**Try it:**
Work out how many lines of the listing below mention the word "symmetric", and give only that figure.

**Given entries:**
(* Let $n,k$ be positive integers and $t$ a real number with $2k<n\leq tk$. Let $h(n,k)=\binom{n-1}{k-1}-\binom{n-k-1}{k-1}+1$. Then \[ \frac{h(n,k)^2}{\binom{n-1}{k-1}^2}>1-2\left(\frac{2t-3}{2t-1}\right)^{k-1}. \] *)

theory Defs
  imports Complex_Main
begin

definition h :: "nat \<Rightarrow> nat \<Rightarrow> nat" where
  "h n k = ((n - 1) choose (k - 1)) - ((n - k - 1) choose (k - 1)) + 1"

end

theory Submission
  imports Defs
begin

text \<open>
  Write \<open>A = C(n-1, k-1)\<close> and \<open>B = C(n-k-1, k-1)\<close>, so that \<open>h = A - B + 1 > A - B\<close> and
  \<open>(h/A)\<^sup>2 > (1 - B/A)\<^sup>2 \<ge> 1 - 2 B/A\<close>. The ratio \<open>B/A\<close> is the product of the \<open>k - 1\<close> factors
  \<open>1 - k/(n-1-i)\<close>; pairing the factor for \<open>i\<close> with the one for \<open>k-2-i\<close> and using that
  \<open>log (1 - k/x)\<close> is concave, each pair is at most the square of the factor at the mean
  denominator \<open>n - k/2\<close>. Hence \<open>B/A \<le> ((2n-3k)/(2n-k))\<^bsup>k-1\<^esup>\<close>, and \<open>n \<le> t k\<close> bounds the base by
  \<open>(2t-3)/(2t-1)\<close>.
\<close>

lemma diff_div_mult_le_mean_sq:
  fixes x y c :: real
  assumes "0 < c" "c \<le> x" "c \<le> y"
  shows "(x - c) / x * ((y - c) / y) \<le> (((x + y) / 2 - c) / ((x + y) / 2))\<^sup>2"
proof -
  define m where "m = (x + y) / 2"
  define d where "d = y - m"
  have x: "x = m - d" and y: "y = m + d" unfolding d_def m_def by simp_all
  have "m > 0" "x > 0" "y > 0" using assms unfolding m_def by auto
  have "(m - c)\<^sup>2 * (x * y) - (x - c) * (y - c) * m\<^sup>2 = d\<^sup>2 * (c * (2 * m - c))"
    unfolding x y by (simp add: power2_eq_square algebra_simps)
  also have "\<dots> \<ge> 0" using assms unfolding m_def by simp
  finally have "(x - c) * (y - c) * m\<^sup>2 \<le> (m - c)\<^sup>2 * (x * y)" by simp
  with \<open>m > 0\<close> \<open>x > 0\<close> \<open>y > 0\<close> show ?thesis
    unfolding m_def[symmetric] by (simp add: field_simps power2_eq_square)
qed

lemma prod_le_power_if_mirror_pairs_le:
  fixes f :: "nat \<Rightarrow> 'a::linordered_idom"
  assumes nonneg: "\<And>i. i < K \<Longrightarrow> 0 \<le> f i"
    and pairs: "\<And>i. i < K \<Longrightarrow> f i * f (K - Suc i) \<le> g\<^sup>2"
    and "0 \<le> g"
  shows "prod f {..<K} \<le> g ^ K"
proof (rule power2_le_imp_le)
  have "(prod f {..<K})\<^sup>2 = prod f {..<K} * (\<Prod>i<K. f (K - Suc i))"
    by (simp add: power2_eq_square prod.nat_diff_reindex)
  also have "\<dots> = (\<Prod>i<K. f i * f (K - Suc i))"
    by (rule prod.distrib[symmetric])
  also have "\<dots> \<le> (\<Prod>i<K. g\<^sup>2)"
    using nonneg pairs by (intro prod_mono) auto
  also have "\<dots> = (g ^ K)\<^sup>2"
    by (simp add: power_mult[symmetric] mult.commute)
  finally show "(prod f {..<K})\<^sup>2 \<le> (g ^ K)\<^sup>2" .
  show "0 \<le> g ^ K" using \<open>0 \<le> g\<close> by simp
qed

lemma choose_diff_div_choose:
  assumes "j + d \<le> m"
  shows "real ((m - d) choose j) / real (m choose j)
           = (\<Prod>i<j. (real m - real d - real i) / (real m - real i))"
proof -
  have "real ((m - d) choose j) / real (m choose j)
          = (\<Prod>i<j. real (m - d - i) / real (j - i)) / (\<Prod>i<j. real (m - i) / real (j - i))"
    using assms by (simp add: binomial_altdef_of_nat atLeast0LessThan)
  also have "\<dots> = (\<Prod>i<j. real (m - d - i) / real (j - i) / (real (m - i) / real (j - i)))"
    by (rule prod_dividef[symmetric])
  also have "\<dots> = (\<Prod>i<j. (real m - real d - real i) / (real m - real i))"
    using assms by (intro prod.cong) (auto simp: of_nat_diff)
  finally show ?thesis .
qed

lemma choose_ratio_le_power:
  assumes "0 < k" "2 * k \<le> n"
  shows "real ((n - k - 1) choose (k - 1)) / real ((n - 1) choose (k - 1))
           \<le> ((2 * real n - 3 * real k) / (2 * real n - real k)) ^ (k - 1)"
proof -
  define f where "f i = (real (n - 1) - real k - real i) / (real (n - 1) - real i)" for i
  have "0 < 2 * real n - real k" using assms by linarith
  have ratio: "real ((n - k - 1) choose (k - 1)) / real ((n - 1) choose (k - 1)) = prod f {..<k - 1}"
    using choose_diff_div_choose[of "k - 1" k "n - 1"] assms
    by (simp add: f_def diff_commute)
  have "prod f {..<k - 1} \<le> ((2 * real n - 3 * real k) / (2 * real n - real k)) ^ (k - 1)"
  proof (rule prod_le_power_if_mirror_pairs_le)
    fix i assume "i < k - 1"
    then show "0 \<le> f i" using assms by (simp add: f_def of_nat_diff)
    let ?x = "real (n - 1) - real i" and ?y = "real (n - 1) - real (k - 1 - Suc i)"
    have "f i * f (k - 1 - Suc i) = (?x - real k) / ?x * ((?y - real k) / ?y)"
      by (simp add: f_def algebra_simps)
    also have "\<dots> \<le> (((?x + ?y) / 2 - real k) / ((?x + ?y) / 2))\<^sup>2"
      using \<open>i < k - 1\<close> assms by (intro diff_div_mult_le_mean_sq) (auto simp: of_nat_diff)
    also have "(?x + ?y) / 2 = (2 * real n - real k) / 2"
      using \<open>i < k - 1\<close> assms by (simp add: of_nat_diff field_simps)
    also have "((2 * real n - real k) / 2 - real k) / ((2 * real n - real k) / 2)
                 = (2 * real n - 3 * real k) / (2 * real n - real k)"
      using \<open>0 < 2 * real n - real k\<close> by (simp add: field_simps)
    finally show "f i * f (k - 1 - Suc i) \<le> ((2 * real n - 3 * real k) / (2 * real n - real k))\<^sup>2" .
  next
    show "0 \<le> (2 * real n - 3 * real k) / (2 * real n - real k)"
      using assms by (intro divide_nonneg_nonneg) auto
  qed
  with ratio show ?thesis by simp
qed

lemma base_le_of_le_mult:
  fixes n k t :: real
  assumes "0 < k" "k < 2 * n" "n \<le> t * k"
  shows "(2 * n - 3 * k) / (2 * n - k) \<le> (2 * t - 3) / (2 * t - 1)"
proof -
  have denom_le: "2 * n - k \<le> (2 * t - 1) * k" using assms(3) by (simp add: algebra_simps)
  then have "0 < (2 * t - 1) * k" using assms by linarith
  then have "0 < 2 * t - 1" using assms by (simp add: zero_less_mult_iff)
  have "2 * k / ((2 * t - 1) * k) \<le> 2 * k / (2 * n - k)"
    using denom_le assms by (intro divide_left_mono) auto
  moreover have "(2 * n - 3 * k) / (2 * n - k) = 1 - 2 * k / (2 * n - k)"
    using assms by (simp add: field_simps)
  moreover have "(2 * t - 3) / (2 * t - 1) = 1 - 2 * k / ((2 * t - 1) * k)"
    using assms \<open>0 < 2 * t - 1\<close> by (simp add: field_simps)
  ultimately show ?thesis by linarith
qed

lemma one_minus_twice_ratio_lt_sq:
  fixes a b :: real
  assumes "0 < a" "0 \<le> b" "b \<le> a"
  shows "1 - 2 * (b / a) < ((a - b + 1) / a)\<^sup>2"
proof -
  define y where "y = b / a"
  have "0 \<le> 1 - y" using assms by (simp add: y_def)
  have "(a - b + 1) / a = 1 - y + 1 / a" using assms by (simp add: y_def field_simps)
  then have "1 - y < (a - b + 1) / a" using assms by simp
  then have "(1 - y)\<^sup>2 < ((a - b + 1) / a)\<^sup>2"
    using \<open>0 \<le> 1 - y\<close> by (intro power_strict_mono) auto
  moreover have "1 - 2 * y \<le> (1 - y)\<^sup>2" by (simp add: power2_diff)
  ultimately show ?thesis unfolding y_def by linarith
qed

theorem proposition1p8:
  fixes n k :: nat and t :: real
  assumes "n > 0" "k > 0" "2 * k < n" "real n \<le> t * real k"
  shows "(real (h n k))\<^sup>2 / (real ((n - 1) choose (k - 1)))\<^sup>2
           > 1 - 2 * ((2 * t - 3) / (2 * t - 1)) ^ (k - 1)"
proof -
  define A where "A = (n - 1) choose (k - 1)"
  define B where "B = (n - k - 1) choose (k - 1)"
  have "0 < A" using assms by (simp add: A_def)
  have "B \<le> A" unfolding A_def B_def by (rule binomial_right_mono) simp
  then have h_eq: "real (h n k) = real A - real B + 1"
    unfolding h_def A_def[symmetric] B_def[symmetric] by (simp add: of_nat_diff)
  have "real B / real A \<le> ((2 * real n - 3 * real k) / (2 * real n - real k)) ^ (k - 1)"
    unfolding A_def B_def using assms by (intro choose_ratio_le_power) auto
  also have "\<dots> \<le> ((2 * t - 3) / (2 * t - 1)) ^ (k - 1)"
    using assms by (intro power_mono base_le_of_le_mult divide_nonneg_nonneg) auto
  finally have "1 - 2 * ((2 * t - 3) / (2 * t - 1)) ^ (k - 1) \<le> 1 - 2 * (real B / real A)"
    by simp
  also have "\<dots> < ((real A - real B + 1) / real A)\<^sup>2"
    using \<open>0 < A\<close> \<open>B \<le> A\<close> by (intro one_minus_twice_ratio_lt_sq) auto
  finally show ?thesis by (simp add: h_eq A_def power_divide)
qed

end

**Reply to the exercise:**
5